Senza una meta, ogni luogo diventa una meta, come la quattrocentesca torre di avvistamento del Duca Federico da Montefeltro che, posta com’è sulla collina spoglia, invita a una pausa per guardarsi intorno e osservare le due valli che divide.
Oppure il castello di Tavoleto, costruito quattro volte ai confini fra Marche e Romagna, zona di scontri continui nel Rinascimento fra i Malatesta, signori di Rimini e i Montefeltro, signori di Urbino. Inizialmente torre fortificata delle mura bizantine, ricostruito nel 1300 dai riminesi, conquistato e distrutto da Federico e fatto ricostruire su progetto di Francesco di Giorgio Martini nel 1474 per un presidio di 80 uomini in arme. Ma è un maniero senza pace: il 31 marzo 1797 il generale Sahuguet, comandante delle truppe napoleoniche franco-cisalpine, lo saccheggiarono e lo incendiarono. Rimane pericolante fino al 1865, quando si decide di abbatterlo per riutilizzarne il materiale. Su queste rovine i Conti Petrangolini riedificarono l’attuale maniero terminato nel 1924, fortunatamente solo danneggiato dal passaggio della Linea Gotica.

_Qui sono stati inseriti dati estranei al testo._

lemma mshift_lamC_commute:
  assumes "i < d" and "j < d"
  shows "mshift V Ch lam i (mshift V Ch lam j f) w = mshift V Ch lam j (mshift V Ch lam i f) w"
proof (cases "i = j")
  case False
  interpret Si: single_parent_shift V Ch i
    using single_parent_shift_chi_prod[OF assms(1)] .
  interpret Sj: single_parent_shift V Ch j
    using single_parent_shift_chi_prod[OF assms(2)] .
  consider (path) u x where "u \<in> V" "x \<in> V" "w \<in> Ch i u" "u \<in> Ch j x"
    | (no_path) "\<nexists>u x. u \<in> V \<and> x \<in> V \<and> w \<in> Ch i u \<and> u \<in> Ch j x"
    by blast
  then show ?thesis
  proof cases
    case path
    define y where "y = w(j := x j)"
    have y: "w \<in> Ch j y" "y \<in> Ch i x"
      using chi_prod_swap[OF False assms(2) path(2-4)] unfolding y_def by blast+
    then have "y \<in> V"
      using chi_prod_subset by blast
    have "mshift V Ch lam i (mshift V Ch lam j f) w = complex_of_real (lam i w * lam j u) * f x"
      using Si.mshift_child[OF path(1,3)] Sj.mshift_child[OF path(2,4)] by simp
    also have "\<dots> = complex_of_real (lam j w * lam i y) * f x"
      using lamC_commute[OF False assms path(2-4) y] by simp
    also have "\<dots> = mshift V Ch lam j (mshift V Ch lam i f) w"
      using Sj.mshift_child[OF \<open>y \<in> V\<close> y(1)] Si.mshift_child[OF path(2) y(2)] by simp
    finally show ?thesis .
  next
    case no_path
    have "\<nexists>y x. y \<in> V \<and> x \<in> V \<and> w \<in> Ch j y \<and> y \<in> Ch i x"
    proof clarify
      fix y x assume "y \<in> V" "x \<in> V" "w \<in> Ch j y" "y \<in> Ch i x"
      then have "w \<in> Ch i (w(i := x i))" "w(i := x i) \<in> Ch j x"
        using chi_prod_swap[of j i x w y] False assms(1) by auto
      with no_path \<open>x \<in> V\<close> show False
        using chi_prod_subset by blast
    qed
    then show ?thesis
      using no_path by (simp add: mshift_mshift_orphan)
  qed
qed simp
lemma integrable_mult_bounded:
  fixes X H :: "'a \<Rightarrow> real"
  assumes "integrable M X" "H \<in> borel_measurable M" "\<And>x. \<bar>H x\<bar> \<le> B"
  shows "integrable M (\<lambda>x. X x * H x)"
proof (rule Bochner_Integration.integrable_bound)
  show "integrable M (\<lambda>x. B * X x)" using assms(1) by simp
  show "(\<lambda>x. X x * H x) \<in> borel_measurable M"
    using borel_measurable_integrable[OF assms(1)] assms(2) by measurable
  have "\<bar>X x * H x\<bar> \<le> \<bar>B * X x\<bar>" for x
  proof -
    have "\<bar>H x\<bar> * \<bar>X x\<bar> \<le> B * \<bar>X x\<bar>"
      using assms(3) by (rule mult_right_mono) simp
    also have "\<dots> \<le> \<bar>B\<bar> * \<bar>X x\<bar>" by (simp add: mult_right_mono)
    finally show ?thesis by (simp add: abs_mult mult.commute)
  qed
  then show "AE x in M. norm (X x * H x) \<le> norm (B * X x)" by simp
qed

lemma integral_mult_comp_odd:
  fixes X H :: "'a \<Rightarrow> real"
  assumes [measurable]: "\<phi> \<in> measurable M M" "H \<in> borel_measurable M"
    and "distr M M \<phi> = M" "integrable M X" "\<And>x. X (\<phi> x) = - X x"
  shows "(\<integral>x. X x * H (\<phi> x) \<partial>M) = - (\<integral>x. X x * H x \<partial>M)"
proof -
  have [measurable]: "X \<in> borel_measurable M"
    using assms(4) by (rule borel_measurable_integrable)
  have "(\<integral>x. X x * H x \<partial>M) = (\<integral>x. X x * H x \<partial>distr M M \<phi>)"
    using assms(3) by simp
  also have "\<dots> = (\<integral>x. X (\<phi> x) * H (\<phi> x) \<partial>M)"
    by (rule integral_distr) measurable
  also have "\<dots> = - (\<integral>x. X x * H (\<phi> x) \<partial>M)"
    using assms(5) by simp
  finally show ?thesis by simp
qed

Ma ci sono anche mete improvvise, bellezze naturali nel mezzo del nulla, come un bel prato sulla collina da cui si scorge il mare. Allora decidi di scendere un momento per godere dello spettacolo e, sorpresa, i suoi quadrupedi abitanti decidono di venire a vedere l’intruso da vicino. Una carezza sul muso, un nitrito di saluto e via.

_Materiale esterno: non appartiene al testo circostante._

lemma backup_bounds:
  assumes "\<And>y. 0 \<le> V y \<and> V y \<le> 1 / (1 - \<beta>)"
  shows "0 \<le> optimistic_backup C \<beta> V s \<and> optimistic_backup C \<beta> V s \<le> 1 / (1 - \<beta>)"
proof
  obtain x q where xq: "(x, q) \<in> C s undefined"
    using nonempty by fast
  have "0 \<le> \<beta> * expect q V"
    using admissible[OF xq] assms discount
    by (intro mult_nonneg_nonneg sum_nonneg) (auto simp: is_distribution_def)
  then show "0 \<le> optimistic_backup C \<beta> V s"
    using admissible[OF xq] backup_upper[OF xq, of V] by linarith
  show "optimistic_backup C \<beta> V s \<le> 1 / (1 - \<beta>)"
  proof (rule backup_least)
    fix a x q
    assume xq: "(x, q) \<in> C s a"
    have "\<beta> * expect q V \<le> \<beta> * (1 / (1 - \<beta>))"
      using admissible[OF xq] assms discount
      by (intro mult_left_mono) (auto intro: order_trans[OF expect_mono expect_const[THEN eq_refl]])
    moreover have "1 + \<beta> * (1 / (1 - \<beta>)) = 1 / (1 - \<beta>)"
      using discount by (simp add: field_simps)
    ultimately show "x + \<beta> * expect q V \<le> 1 / (1 - \<beta>)"
      using admissible[OF xq] by linarith
  qed
qed

lemma value_iteration_bounds: "0 \<le> value_iteration C \<beta> n s \<and> value_iteration C \<beta> n s \<le> 1 / (1 - \<beta>)"
  using discount by (induction n arbitrary: s) (simp_all add: backup_bounds)

lemma value_iteration_incseq: "value_iteration C \<beta> n s \<le> value_iteration C \<beta> (Suc n) s"
proof (induction n arbitrary: s)
  case 0
  show ?case
    using backup_bounds[of "\<lambda>_. 0" s] discount by simp
next
  case (Suc n)
  then show ?case
    using backup_mono by simp
qed
(* Let $(D,\chi)$ be a shaped oriented link diagram with flattening $\mathfrak f$, and let $c$ be a crossing of $D$ of sign $\epsilon$, with local parameters $\mu_1,\mu_2$ (of the strands through $1$ and $2$), $\beta_1,\beta_2,\beta_{1'},\beta_{2'}$, $\gamma_N,\gamma_W,\gamma_S,\gamma_E$. If one of these local parameters $x$ is replaced by $x+k$ with $k\in\mathbb Z$ (all others unchanged), then $\mathcal V(c,\mathfrak f)$ changes by $2\pi^2 i\,k$ times the corresponding coefficient below (modulo $2\pi^2 i\mathbb Z$): \[ \begin{aligned} \mu_1&:\ -\epsilon(\beta_{1'}-\beta_1)+\gamma_W-\gamma_S, & \mu_2&:\ \epsilon(\beta_{2'}-\beta_2)+\gamma_S-\gamma_E,\\ \beta_1&:\ \gamma_W-\gamma_N-\epsilon\mu_1, & \beta_2&:\ \gamma_S-\gamma_W+\epsilon\mu_2,\\ \beta_{1'}&:\ \gamma_E-\gamma_S+\epsilon\mu_1, & \beta_{2'}&:\ \gamma_N-\gamma_E-\epsilon\mu_2,\\ \gamma_N&:\ \beta_1-\beta_{2'}, & \gamma_W&:\ \beta_2-\beta_1-\mu_1,\\ \gamma_S&:\ \beta_{1'}+\mu_1-\beta_2-\mu_2, & \gamma_E&:\ \beta_{2'}+\mu_2-\beta_{1'}. \end{aligned} \]
   Context: Oriented link diagram $D$; segments are edges of its underlying $4$-valent planar graph, regions are components of the complement. At each crossing, rotate so both strands point right; label incoming upper-left segment $1$, incoming lower-left segment $2$, outgoing lower-right $1'$ (continuation of $1$), outgoing upper-right $2'$ (continuation of $2$); regions $N$ (top), $S$ (bottom), $W$ (left), $E$ (right); $\epsilon=\pm1$ the crossing sign. A shaping assigns $\chi_i=(a_i,b_i,m_i)\in(\mathbb C^\times)^3$ to segments with, at each crossing, $m_{1'}=m_1,m_{2'}=m_2$ and (positive) $A=1-\frac{m_1b_1}{b_2}(1-\frac{a_1}{m_1})(1-\frac{1}{m_2a_2})$, $a_{1'}=a_1/A$, $a_{2'}=a_2A$, $b_{1'}=\frac{m_2b_2}{m_1}(1-m_2a_2(1-\frac{b_2}{m_1b_1}))^{-1}$, $b_{2'}=b_1(1-\frac{m_1}{a_1}(1-\frac{b_2}{m_1b_1}))$, or (negative) $\tilde A=1-\frac{b_2}{m_1b_1}(1-m_1a_1)(1-\frac{m_2}{a_2})$, $a_{1'}=a_1/\tilde A$, $a_{2'}=a_2\tilde A$, $b_{1'}=\frac{m_2b_2}{m_1}(1-\frac{a_2}{m_2}(1-\frac{m_1b_1}{b_2}))$, $b_{2'}=b_1(1-\frac{1}{m_1a_1}(1-\frac{m_1b_1}{b_2}))^{-1}$, all finite nonzero. Pinched: $b_{2'}=b_1$. Flattening: $\mu_j$ per component ($e^{2\pi i\mu_j}=m_j$), $\beta_k$ per segment ($e^{2\pi i\beta_k}=b_k$), $\gamma_R$ per region ($e^{2\pi i(\gamma_{R'}-\gamma_R)}=a_k$ when $R',R$ lie right, left of segment $k$), $\kappa$ at each non-pinched crossing with $e^{2\pi i\kappa}=e^{2\pi i\gamma_N}/(1-(b_{2'}/b_1)^\epsilon)$. Lifted dilogarithm: for $w=e^{\zeta^0}\ne1$, $e^{\zeta^1}(1-w)=1$, $p^0=(\zeta^0-\operatorname{Log}w)/2\pi i$, $p^1=(\zeta^1+\operatorname{Log}(1-w))/2\pi i$, $\mathcal L(\zeta^0,\zeta^1)=\operatorname{Li}_2(w)+\frac12\operatorname{Log}w\operatorname{Log}(1-w)-\frac{\pi^2}6+\pi i(p^0\operatorname{Log}(1-w)+p^1\operatorname{Log}w)\in\mathbb C/2\pi^2\mathbb Z$ (continuous extension understood). Non-pinched crossing: $\zeta_N^0=2\pi i\epsilon(\beta_{2'}-\beta_1)$, $\zeta_N^1=2\pi i(\kappa-\gamma_N)$; $\zeta_W^0=2\pi i\epsilon(\beta_2-\beta_1-\mu_1)$, $\zeta_W^1=2\pi i(\kappa-\gamma_W+\epsilon\mu_1)$; $\zeta_S^0=2\pi i\epsilon(\beta_2-\beta_{1'}+\mu_2-\mu_1)$, $\zeta_S^1=2\pi i(\kappa-\gamma_S+\epsilon(\mu_1-\mu_2))$; $\zeta_E^0=2\pi i\epsilon(\beta_{2'}-\beta_{1'}+\mu_2)$, $\zeta_E^1=2\pi i(\kappa-\gamma_E-\epsilon\mu_2)$; $\mathcal V(c,\mathfrak f)=-i\epsilon[\mathcal L(\zeta_N^0,\zeta_N^1)-\mathcal L(\zeta_W^0,\zeta_W^1)+\mathcal L(\zeta_S^0,\zeta_S^1)-\mathcal L(\zeta_E^0,\zeta_E^1)]\in\mathbb C/2\pi^2 i\mathbb Z$. Pinched crossing: $\mathcal V(c,\mathfrak f)=2\pi^2 i[\beta_1(\gamma_W-\gamma_N)-\beta_{1'}(\gamma_S-\gamma_E)+\beta_2(\gamma_S-\gamma_W)-\beta_{2'}(\gamma_E-\gamma_N)-\mu_1(\epsilon(\beta_1-\beta_{1'}+\mu_2)+\gamma_S-\gamma_W)-\mu_2(\epsilon(\beta_{2'}-\beta_2+\mu_1)+\gamma_E-\gamma_S)]$. *)

theory Defs
  imports "HOL-Analysis.Analysis"
begin

text \<open>It is analytic on the complement of the ray [1,oo); on that ray it takes the
  boundary value obtained from the side Im w < 0.\<close>
definition Li2 :: "complex \<Rightarrow> complex" where
  "Li2 w = - integral {0..1::real} (\<lambda>s. Ln (1 - of_real s * w) / of_real s)"

text \<open>Lifted dilogarithm L(zeta0, zeta1), a representative in C (the paper's value is its
  class in C modulo 2 pi^2 Z).  Here w = exp zeta0.\<close>
definition Lcal :: "complex \<Rightarrow> complex \<Rightarrow> complex" where
  "Lcal z0 z1 =
     (let w = exp z0;
          p0 = (z0 - Ln w) / (2 * of_real pi * \<i>);
          p1 = (z1 + Ln (1 - w)) / (2 * of_real pi * \<i>)
      in Li2 w + Ln w * Ln (1 - w) / 2 - of_real (pi^2) / 6
         + of_real pi * \<i> * (p0 * Ln (1 - w) + p1 * Ln w))"

text \<open>Shape parameters on the four segments 1, 2, 1', 2' at the crossing
  (primes written as suffix p), together with the meridian parameters m1 = m1', m2 = m2'.\<close>
record shape_loc =
  a1 :: complex  a2 :: complex  a1p :: complex  a2p :: complex
  b1 :: complex  b2 :: complex  b1p :: complex  b2p :: complex
  m1 :: complex  m2 :: complex

record flat_loc =
  mu1 :: complex  mu2 :: complex
  beta1 :: complex  beta2 :: complex  beta1p :: complex  beta2p :: complex
  gN :: complex  gW :: complex  gS :: complex  gE :: complex
  kappa :: complex

definition pinched :: "shape_loc \<Rightarrow> bool" where
  "pinched s \<longleftrightarrow> b2p s = b1 s"

definition shaping_at_crossing :: "int \<Rightarrow> shape_loc \<Rightarrow> bool" where
  "shaping_at_crossing eps s \<longleftrightarrow>
     (eps = 1 \<or> eps = -1) \<and>
     a1 s \<noteq> 0 \<and> a2 s \<noteq> 0 \<and> a1p s \<noteq> 0 \<and> a2p s \<noteq> 0 \<and>
     b1 s \<noteq> 0 \<and> b2 s \<noteq> 0 \<and> b1p s \<noteq> 0 \<and> b2p s \<noteq> 0 \<and>
     m1 s \<noteq> 0 \<and> m2 s \<noteq> 0 \<and>
     (eps = 1 \<longrightarrow>
        (let A = 1 - m1 s * b1 s / b2 s * (1 - a1 s / m1 s) * (1 - 1 / (m2 s * a2 s));
             D = 1 - m2 s * a2 s * (1 - b2 s / (m1 s * b1 s))
         in A \<noteq> 0 \<and> D \<noteq> 0 \<and>
            a1p s = a1 s / A \<and> a2p s = a2 s * A \<and>
            b1p s = m2 s * b2 s / m1 s / D \<and>
            b2p s = b1 s * (1 - m1 s / a1 s * (1 - b2 s / (m1 s * b1 s))))) \<and>
     (eps = -1 \<longrightarrow>
        (let At = 1 - b2 s / (m1 s * b1 s) * (1 - m1 s * a1 s) * (1 - m2 s / a2 s);
             D = 1 - 1 / (m1 s * a1 s) * (1 - m1 s * b1 s / b2 s)
         in At \<noteq> 0 \<and> D \<noteq> 0 \<and>
            a1p s = a1 s / At \<and> a2p s = a2 s * At \<and>
            b1p s = m2 s * b2 s / m1 s * (1 - a2 s / m2 s * (1 - m1 s * b1 s / b2 s)) \<and>
            b2p s = b1 s / D))"

abbreviation e2pi :: "complex \<Rightarrow> complex" where
  "e2pi x \<equiv> exp (2 * of_real pi * \<i> * x)"

text \<open>Flattening conditions at the crossing.  With both strands pointing right:
  segment 1 has N on its left and W on its right, 2 has W left / S right,
  1' has E left / S right, 2' has N left / E right.\<close>
definition flattening_at_crossing :: "int \<Rightarrow> shape_loc \<Rightarrow> flat_loc \<Rightarrow> bool" where
  "flattening_at_crossing eps s f \<longleftrightarrow>
     e2pi (mu1 f) = m1 s \<and> e2pi (mu2 f) = m2 s \<and>
     e2pi (beta1 f) = b1 s \<and> e2pi (beta2 f) = b2 s \<and>
     e2pi (beta1p f) = b1p s \<and> e2pi (beta2p f) = b2p s \<and>
     e2pi (gW f - gN f) = a1 s \<and> e2pi (gS f - gW f) = a2 s \<and>
     e2pi (gS f - gE f) = a1p s \<and> e2pi (gE f - gN f) = a2p s \<and>
     (\<not> pinched s \<longrightarrow>
        e2pi (kappa f) = e2pi (gN f) / (1 - (b2p s / b1 s) powi eps))"

text \<open>The crossing contribution V(c, f), as a representative in C
  (the paper's value is its class modulo 2 pi^2 i Z).\<close>
definition Vcross :: "int \<Rightarrow> shape_loc \<Rightarrow> flat_loc \<Rightarrow> complex" where
  "Vcross eps s f =
    (let e = of_int eps :: complex; t = 2 * of_real pi * \<i>;
         M1 = mu1 f; M2 = mu2 f; B1 = beta1 f; B2 = beta2 f; B1p = beta1p f; B2p = beta2p f;
         N = gN f; W = gW f; S = gS f; E = gE f; K = kappa f
     in if pinched s then
          2 * of_real (pi^2) * \<i> *
            (B1 * (W - N) - B1p * (S - E) + B2 * (S - W) - B2p * (E - N)
             - M1 * (e * (B1 - B1p + M2) + S - W)
             - M2 * (e * (B2p - B2 + M1) + E - S))
        else
          - \<i> * e *
            (Lcal (t * e * (B2p - B1)) (t * (K - N))
             - Lcal (t * e * (B2 - B1 - M1)) (t * (K - W + e * M1))
             + Lcal (t * e * (B2 - B1p + M2 - M1)) (t * (K - S + e * (M1 - M2)))
             - Lcal (t * e * (B2p - B1p + M2)) (t * (K - E - e * M2))))"

definition cong_2pi2i :: "complex \<Rightarrow> complex \<Rightarrow> bool" where
  "cong_2pi2i x y \<longleftrightarrow> (\<exists>n::int. x - y = 2 * of_real (pi^2) * \<i> * of_int n)"

end

theory Submission
  imports Defs
begin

E più in là appare la maestosa roccia sollevata da chissà quale movimento geologico, placche che scorrono, imponenti blocchi di roccia calcarea risultato dell’erosione di materiali più teneri nel corso di milioni di anni. Un’antica storia geologica che ha visto la deposizione di sedimenti marini, l’emersione, l’azione dei ghiacciai e dei corsi d’acqua, e infine l’erosione che ha plasmato il paesaggio attuale. Imponente e superbo.
E che dire della vetta piatta di un monte? Dai 1400 metri della cima, lo sguardo si perde da solo fra Toscana, Umbria, Marche e Romagna. E laggiù si intravedono le rocche di San Marino. E soddisfatto di questo splendore, lo sguardo va anche al fedele scudiero che sembra perdersi fra cielo e terra e tante sensazioni mi regala.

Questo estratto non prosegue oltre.